WHAT YOU ARE ASKED TO DO: Go through the listing below. Copy each line that has the string "take".

*** INPUT RECORDS Section Begins ***

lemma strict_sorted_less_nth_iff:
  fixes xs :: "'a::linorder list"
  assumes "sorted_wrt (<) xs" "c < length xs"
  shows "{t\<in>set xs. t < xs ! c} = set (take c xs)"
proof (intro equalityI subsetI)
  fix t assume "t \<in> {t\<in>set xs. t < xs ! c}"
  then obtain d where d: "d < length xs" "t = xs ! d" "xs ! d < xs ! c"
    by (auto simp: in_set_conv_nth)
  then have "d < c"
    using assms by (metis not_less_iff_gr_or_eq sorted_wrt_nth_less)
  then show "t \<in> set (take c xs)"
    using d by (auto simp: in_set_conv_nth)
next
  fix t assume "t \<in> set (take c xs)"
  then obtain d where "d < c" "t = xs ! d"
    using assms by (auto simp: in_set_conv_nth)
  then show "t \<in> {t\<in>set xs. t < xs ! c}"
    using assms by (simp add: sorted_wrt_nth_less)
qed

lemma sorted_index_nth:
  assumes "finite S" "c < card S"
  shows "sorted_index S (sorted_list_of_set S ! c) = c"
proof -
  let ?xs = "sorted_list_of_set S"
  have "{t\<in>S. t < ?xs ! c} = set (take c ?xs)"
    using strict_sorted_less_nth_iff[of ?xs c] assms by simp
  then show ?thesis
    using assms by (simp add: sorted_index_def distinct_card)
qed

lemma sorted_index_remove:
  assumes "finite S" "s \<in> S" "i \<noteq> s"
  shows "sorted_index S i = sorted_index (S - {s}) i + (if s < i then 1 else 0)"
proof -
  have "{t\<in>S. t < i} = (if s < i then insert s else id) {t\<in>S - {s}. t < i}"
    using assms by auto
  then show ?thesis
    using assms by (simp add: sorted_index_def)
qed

*** INPUT RECORDS Section Ends ***
*** INPUT RECORDS Section Begins ***

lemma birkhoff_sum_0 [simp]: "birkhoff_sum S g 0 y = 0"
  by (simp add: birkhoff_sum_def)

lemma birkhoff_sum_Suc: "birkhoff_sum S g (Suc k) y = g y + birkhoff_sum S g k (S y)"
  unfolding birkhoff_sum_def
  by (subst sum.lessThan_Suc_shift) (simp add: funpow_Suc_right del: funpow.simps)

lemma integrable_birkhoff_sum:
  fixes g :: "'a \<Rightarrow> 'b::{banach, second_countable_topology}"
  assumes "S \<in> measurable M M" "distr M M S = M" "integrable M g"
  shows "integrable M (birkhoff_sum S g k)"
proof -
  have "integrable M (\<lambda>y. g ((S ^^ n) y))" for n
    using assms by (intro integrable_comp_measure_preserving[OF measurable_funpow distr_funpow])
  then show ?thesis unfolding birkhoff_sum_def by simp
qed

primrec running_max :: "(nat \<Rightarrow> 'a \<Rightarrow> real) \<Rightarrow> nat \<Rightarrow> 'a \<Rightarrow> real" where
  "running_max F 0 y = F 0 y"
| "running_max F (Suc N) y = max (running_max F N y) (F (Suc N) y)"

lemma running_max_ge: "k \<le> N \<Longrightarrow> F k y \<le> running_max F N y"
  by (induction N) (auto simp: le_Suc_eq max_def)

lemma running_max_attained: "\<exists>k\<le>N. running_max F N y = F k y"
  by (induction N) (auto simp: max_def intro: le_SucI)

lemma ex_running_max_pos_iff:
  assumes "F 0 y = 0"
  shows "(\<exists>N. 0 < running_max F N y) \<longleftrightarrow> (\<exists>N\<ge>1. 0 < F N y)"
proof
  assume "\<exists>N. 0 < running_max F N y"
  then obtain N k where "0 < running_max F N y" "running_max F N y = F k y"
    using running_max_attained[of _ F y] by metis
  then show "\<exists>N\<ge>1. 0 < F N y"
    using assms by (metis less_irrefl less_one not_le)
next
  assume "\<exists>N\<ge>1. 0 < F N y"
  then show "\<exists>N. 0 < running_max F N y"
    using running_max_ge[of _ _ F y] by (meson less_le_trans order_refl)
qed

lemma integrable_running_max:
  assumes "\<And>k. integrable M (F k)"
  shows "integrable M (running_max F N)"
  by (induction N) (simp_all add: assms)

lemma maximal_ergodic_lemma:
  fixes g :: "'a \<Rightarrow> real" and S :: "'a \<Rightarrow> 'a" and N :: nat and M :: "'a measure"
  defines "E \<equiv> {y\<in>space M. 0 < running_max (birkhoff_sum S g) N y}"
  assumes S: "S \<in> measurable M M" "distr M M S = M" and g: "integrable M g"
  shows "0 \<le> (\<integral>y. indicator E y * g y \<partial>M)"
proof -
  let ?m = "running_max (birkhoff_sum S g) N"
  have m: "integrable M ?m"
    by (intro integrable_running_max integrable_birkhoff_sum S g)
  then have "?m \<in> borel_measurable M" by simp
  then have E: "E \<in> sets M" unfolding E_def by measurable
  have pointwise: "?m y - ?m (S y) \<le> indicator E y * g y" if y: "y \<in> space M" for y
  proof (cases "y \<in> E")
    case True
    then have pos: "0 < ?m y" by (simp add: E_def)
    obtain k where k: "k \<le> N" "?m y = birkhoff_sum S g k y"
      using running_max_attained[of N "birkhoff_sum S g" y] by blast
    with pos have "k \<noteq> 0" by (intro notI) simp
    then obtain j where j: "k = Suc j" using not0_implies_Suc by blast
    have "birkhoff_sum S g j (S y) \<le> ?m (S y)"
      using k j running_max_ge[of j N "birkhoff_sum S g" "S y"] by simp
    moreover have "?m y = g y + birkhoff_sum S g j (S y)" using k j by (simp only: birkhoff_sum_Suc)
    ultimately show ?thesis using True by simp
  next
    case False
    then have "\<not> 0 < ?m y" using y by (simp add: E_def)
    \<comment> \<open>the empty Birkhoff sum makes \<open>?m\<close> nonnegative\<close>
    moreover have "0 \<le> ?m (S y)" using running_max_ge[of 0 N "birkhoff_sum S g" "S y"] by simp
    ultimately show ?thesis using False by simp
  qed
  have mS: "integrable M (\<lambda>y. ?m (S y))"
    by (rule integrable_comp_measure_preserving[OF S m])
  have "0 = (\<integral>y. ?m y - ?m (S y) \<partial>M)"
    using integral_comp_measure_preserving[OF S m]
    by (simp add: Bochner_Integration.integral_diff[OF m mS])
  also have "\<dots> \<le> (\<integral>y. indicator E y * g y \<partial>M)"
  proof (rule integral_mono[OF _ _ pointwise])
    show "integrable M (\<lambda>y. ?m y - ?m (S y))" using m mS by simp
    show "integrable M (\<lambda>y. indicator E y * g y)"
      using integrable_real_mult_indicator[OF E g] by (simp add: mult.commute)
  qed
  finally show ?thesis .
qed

*** INPUT RECORDS Section Ends ***

SOLUTION FOR THIS PROBLEM:
  shows "{t\<in>set xs. t < xs ! c} = set (take c xs)"
  then show "t \<in> set (take c xs)"
  fix t assume "t \<in> set (take c xs)"
  have "{t\<in>S. t < ?xs ! c} = set (take c ?xs)"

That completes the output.